TRY IT: Where the records below show a line containing "int \<Rightarrow> complex ^", start copying; end with the line containing "(2 * real N))))", and copy it too.
── MATERIAL FOR THIS EXERCISE
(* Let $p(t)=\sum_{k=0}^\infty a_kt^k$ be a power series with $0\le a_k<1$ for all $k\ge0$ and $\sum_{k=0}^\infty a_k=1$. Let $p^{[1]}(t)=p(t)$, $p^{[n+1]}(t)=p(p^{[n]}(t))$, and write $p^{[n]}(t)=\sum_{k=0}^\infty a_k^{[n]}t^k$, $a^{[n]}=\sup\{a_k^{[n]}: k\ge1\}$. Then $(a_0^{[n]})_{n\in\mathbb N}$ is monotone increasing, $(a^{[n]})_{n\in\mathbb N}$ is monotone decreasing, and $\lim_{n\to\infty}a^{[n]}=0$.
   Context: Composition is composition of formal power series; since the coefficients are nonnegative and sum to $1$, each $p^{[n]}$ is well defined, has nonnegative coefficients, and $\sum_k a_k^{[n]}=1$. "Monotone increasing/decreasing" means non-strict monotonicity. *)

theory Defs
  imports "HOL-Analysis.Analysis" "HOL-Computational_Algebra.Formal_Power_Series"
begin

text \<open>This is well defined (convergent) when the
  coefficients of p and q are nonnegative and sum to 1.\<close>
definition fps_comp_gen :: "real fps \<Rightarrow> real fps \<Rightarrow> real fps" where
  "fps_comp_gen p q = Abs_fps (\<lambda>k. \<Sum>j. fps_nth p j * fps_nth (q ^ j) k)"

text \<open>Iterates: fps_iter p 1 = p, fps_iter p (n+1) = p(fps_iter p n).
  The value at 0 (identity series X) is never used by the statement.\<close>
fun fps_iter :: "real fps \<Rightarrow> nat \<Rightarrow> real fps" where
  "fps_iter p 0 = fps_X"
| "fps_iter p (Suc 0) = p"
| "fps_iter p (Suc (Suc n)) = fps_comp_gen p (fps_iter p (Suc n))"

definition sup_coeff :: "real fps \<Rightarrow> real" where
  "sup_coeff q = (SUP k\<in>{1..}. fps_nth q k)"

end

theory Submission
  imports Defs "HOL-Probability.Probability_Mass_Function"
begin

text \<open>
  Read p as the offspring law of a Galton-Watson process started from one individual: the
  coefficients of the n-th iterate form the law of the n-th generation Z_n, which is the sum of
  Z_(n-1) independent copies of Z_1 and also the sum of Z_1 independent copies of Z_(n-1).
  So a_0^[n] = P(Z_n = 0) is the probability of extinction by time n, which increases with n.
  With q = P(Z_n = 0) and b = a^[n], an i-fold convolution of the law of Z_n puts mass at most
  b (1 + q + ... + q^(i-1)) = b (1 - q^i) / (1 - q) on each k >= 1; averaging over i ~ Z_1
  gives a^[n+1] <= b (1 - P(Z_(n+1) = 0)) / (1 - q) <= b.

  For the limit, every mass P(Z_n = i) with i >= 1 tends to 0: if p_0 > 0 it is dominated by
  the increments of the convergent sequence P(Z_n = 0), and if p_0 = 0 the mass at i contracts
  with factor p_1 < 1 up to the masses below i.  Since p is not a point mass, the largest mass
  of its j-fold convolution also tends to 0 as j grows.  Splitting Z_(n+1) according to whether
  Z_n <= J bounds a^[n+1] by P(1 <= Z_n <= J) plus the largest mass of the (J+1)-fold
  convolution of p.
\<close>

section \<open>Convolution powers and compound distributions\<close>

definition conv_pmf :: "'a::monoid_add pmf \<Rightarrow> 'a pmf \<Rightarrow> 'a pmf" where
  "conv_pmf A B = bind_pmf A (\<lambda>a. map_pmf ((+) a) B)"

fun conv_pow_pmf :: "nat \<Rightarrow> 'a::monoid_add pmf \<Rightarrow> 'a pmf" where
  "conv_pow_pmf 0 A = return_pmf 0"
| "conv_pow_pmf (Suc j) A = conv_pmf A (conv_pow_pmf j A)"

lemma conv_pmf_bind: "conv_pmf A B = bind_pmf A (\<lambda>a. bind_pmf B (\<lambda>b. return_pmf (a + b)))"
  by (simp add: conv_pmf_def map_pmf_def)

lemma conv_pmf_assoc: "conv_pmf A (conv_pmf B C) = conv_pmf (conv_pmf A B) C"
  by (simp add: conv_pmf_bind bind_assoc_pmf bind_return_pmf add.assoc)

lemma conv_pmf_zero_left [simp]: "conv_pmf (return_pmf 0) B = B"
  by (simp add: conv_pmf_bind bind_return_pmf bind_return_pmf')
────
── MATERIAL FOR THIS EXERCISE
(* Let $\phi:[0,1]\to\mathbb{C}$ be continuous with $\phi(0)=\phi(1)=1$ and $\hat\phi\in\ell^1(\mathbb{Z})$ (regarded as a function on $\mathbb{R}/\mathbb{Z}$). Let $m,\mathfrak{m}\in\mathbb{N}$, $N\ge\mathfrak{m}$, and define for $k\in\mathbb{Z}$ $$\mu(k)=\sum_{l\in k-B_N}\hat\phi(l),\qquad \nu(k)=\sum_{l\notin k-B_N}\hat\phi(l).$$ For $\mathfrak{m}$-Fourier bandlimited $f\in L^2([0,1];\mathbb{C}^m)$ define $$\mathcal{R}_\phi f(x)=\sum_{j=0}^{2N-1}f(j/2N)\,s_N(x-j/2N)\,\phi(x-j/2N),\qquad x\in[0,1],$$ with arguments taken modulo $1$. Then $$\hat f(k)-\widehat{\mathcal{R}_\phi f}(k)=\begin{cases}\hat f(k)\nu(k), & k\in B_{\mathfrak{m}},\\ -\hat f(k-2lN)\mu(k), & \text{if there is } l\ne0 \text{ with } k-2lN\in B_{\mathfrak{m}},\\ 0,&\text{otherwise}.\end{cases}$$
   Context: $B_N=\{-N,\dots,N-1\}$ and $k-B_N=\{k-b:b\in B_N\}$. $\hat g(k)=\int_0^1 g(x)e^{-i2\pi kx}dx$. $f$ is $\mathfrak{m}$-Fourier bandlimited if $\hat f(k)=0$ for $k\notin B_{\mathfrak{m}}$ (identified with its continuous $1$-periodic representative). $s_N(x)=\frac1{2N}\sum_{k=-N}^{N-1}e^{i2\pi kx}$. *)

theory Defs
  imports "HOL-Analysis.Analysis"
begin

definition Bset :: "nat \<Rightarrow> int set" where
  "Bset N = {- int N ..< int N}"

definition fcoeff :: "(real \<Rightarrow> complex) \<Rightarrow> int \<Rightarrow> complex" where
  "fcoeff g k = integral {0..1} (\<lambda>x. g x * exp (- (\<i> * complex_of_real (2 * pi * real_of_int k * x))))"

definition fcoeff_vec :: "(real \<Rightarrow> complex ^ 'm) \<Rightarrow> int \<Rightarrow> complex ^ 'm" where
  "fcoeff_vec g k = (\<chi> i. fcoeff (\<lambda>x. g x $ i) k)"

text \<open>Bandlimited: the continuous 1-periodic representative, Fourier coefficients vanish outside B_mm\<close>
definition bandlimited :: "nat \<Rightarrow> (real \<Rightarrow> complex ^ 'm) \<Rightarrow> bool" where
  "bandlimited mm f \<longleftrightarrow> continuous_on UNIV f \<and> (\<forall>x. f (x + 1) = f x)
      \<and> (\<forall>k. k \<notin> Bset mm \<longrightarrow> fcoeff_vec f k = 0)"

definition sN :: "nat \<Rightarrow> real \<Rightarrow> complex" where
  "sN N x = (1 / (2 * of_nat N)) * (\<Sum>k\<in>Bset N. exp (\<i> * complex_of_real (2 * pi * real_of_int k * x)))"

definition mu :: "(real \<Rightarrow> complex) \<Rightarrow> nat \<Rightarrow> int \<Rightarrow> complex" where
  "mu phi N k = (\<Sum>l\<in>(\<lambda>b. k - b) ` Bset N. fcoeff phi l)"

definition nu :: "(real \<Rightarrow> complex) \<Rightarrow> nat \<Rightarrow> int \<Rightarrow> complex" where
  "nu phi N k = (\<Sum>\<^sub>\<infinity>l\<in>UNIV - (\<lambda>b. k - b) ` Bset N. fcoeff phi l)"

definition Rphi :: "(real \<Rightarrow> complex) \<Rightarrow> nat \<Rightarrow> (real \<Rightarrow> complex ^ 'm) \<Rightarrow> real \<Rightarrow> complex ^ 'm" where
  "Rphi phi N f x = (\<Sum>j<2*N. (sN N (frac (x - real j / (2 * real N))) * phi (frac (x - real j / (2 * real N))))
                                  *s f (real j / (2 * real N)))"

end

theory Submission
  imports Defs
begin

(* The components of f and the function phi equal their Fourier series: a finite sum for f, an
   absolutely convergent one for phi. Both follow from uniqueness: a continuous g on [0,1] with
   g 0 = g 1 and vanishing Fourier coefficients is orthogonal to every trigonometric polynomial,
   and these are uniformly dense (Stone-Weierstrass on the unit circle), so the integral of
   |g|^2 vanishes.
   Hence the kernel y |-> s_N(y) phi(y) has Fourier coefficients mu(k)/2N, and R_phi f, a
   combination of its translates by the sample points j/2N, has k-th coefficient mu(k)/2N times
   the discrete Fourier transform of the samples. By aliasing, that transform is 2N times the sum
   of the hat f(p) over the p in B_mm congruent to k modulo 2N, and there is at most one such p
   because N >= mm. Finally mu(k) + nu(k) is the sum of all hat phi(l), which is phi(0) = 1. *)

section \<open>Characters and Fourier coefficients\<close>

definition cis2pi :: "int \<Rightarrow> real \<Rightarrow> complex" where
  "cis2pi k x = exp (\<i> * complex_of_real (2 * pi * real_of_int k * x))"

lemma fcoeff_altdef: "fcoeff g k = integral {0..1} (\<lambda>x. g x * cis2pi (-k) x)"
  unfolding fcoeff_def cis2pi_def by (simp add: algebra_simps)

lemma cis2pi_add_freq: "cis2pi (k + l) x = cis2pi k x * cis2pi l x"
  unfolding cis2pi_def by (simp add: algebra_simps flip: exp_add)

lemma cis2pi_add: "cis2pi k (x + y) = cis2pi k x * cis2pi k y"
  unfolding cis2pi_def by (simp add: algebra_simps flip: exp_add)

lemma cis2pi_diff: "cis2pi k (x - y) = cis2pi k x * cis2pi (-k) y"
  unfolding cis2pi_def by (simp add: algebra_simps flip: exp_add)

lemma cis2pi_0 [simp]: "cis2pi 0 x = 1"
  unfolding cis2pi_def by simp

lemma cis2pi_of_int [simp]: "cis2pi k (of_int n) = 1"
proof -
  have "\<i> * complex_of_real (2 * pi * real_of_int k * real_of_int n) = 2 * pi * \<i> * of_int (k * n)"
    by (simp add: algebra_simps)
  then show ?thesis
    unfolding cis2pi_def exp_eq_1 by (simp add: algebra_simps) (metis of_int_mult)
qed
────
OUTPUT OF THE TASK:
definition fcoeff_vec :: "(real \<Rightarrow> complex ^ 'm) \<Rightarrow> int \<Rightarrow> complex ^ 'm" where
  "fcoeff_vec g k = (\<chi> i. fcoeff (\<lambda>x. g x $ i) k)"

text \<open>Bandlimited: the continuous 1-periodic representative, Fourier coefficients vanish outside B_mm\<close>
definition bandlimited :: "nat \<Rightarrow> (real \<Rightarrow> complex ^ 'm) \<Rightarrow> bool" where
  "bandlimited mm f \<longleftrightarrow> continuous_on UNIV f \<and> (\<forall>x. f (x + 1) = f x)
      \<and> (\<forall>k. k \<notin> Bset mm \<longrightarrow> fcoeff_vec f k = 0)"

definition sN :: "nat \<Rightarrow> real \<Rightarrow> complex" where
  "sN N x = (1 / (2 * of_nat N)) * (\<Sum>k\<in>Bset N. exp (\<i> * complex_of_real (2 * pi * real_of_int k * x)))"

definition mu :: "(real \<Rightarrow> complex) \<Rightarrow> nat \<Rightarrow> int \<Rightarrow> complex" where
  "mu phi N k = (\<Sum>l\<in>(\<lambda>b. k - b) ` Bset N. fcoeff phi l)"

definition nu :: "(real \<Rightarrow> complex) \<Rightarrow> nat \<Rightarrow> int \<Rightarrow> complex" where
  "nu phi N k = (\<Sum>\<^sub>\<infinity>l\<in>UNIV - (\<lambda>b. k - b) ` Bset N. fcoeff phi l)"

definition Rphi :: "(real \<Rightarrow> complex) \<Rightarrow> nat \<Rightarrow> (real \<Rightarrow> complex ^ 'm) \<Rightarrow> real \<Rightarrow> complex ^ 'm" where
  "Rphi phi N f x = (\<Sum>j<2*N. (sN N (frac (x - real j / (2 * real N))) * phi (frac (x - real j / (2 * real N))))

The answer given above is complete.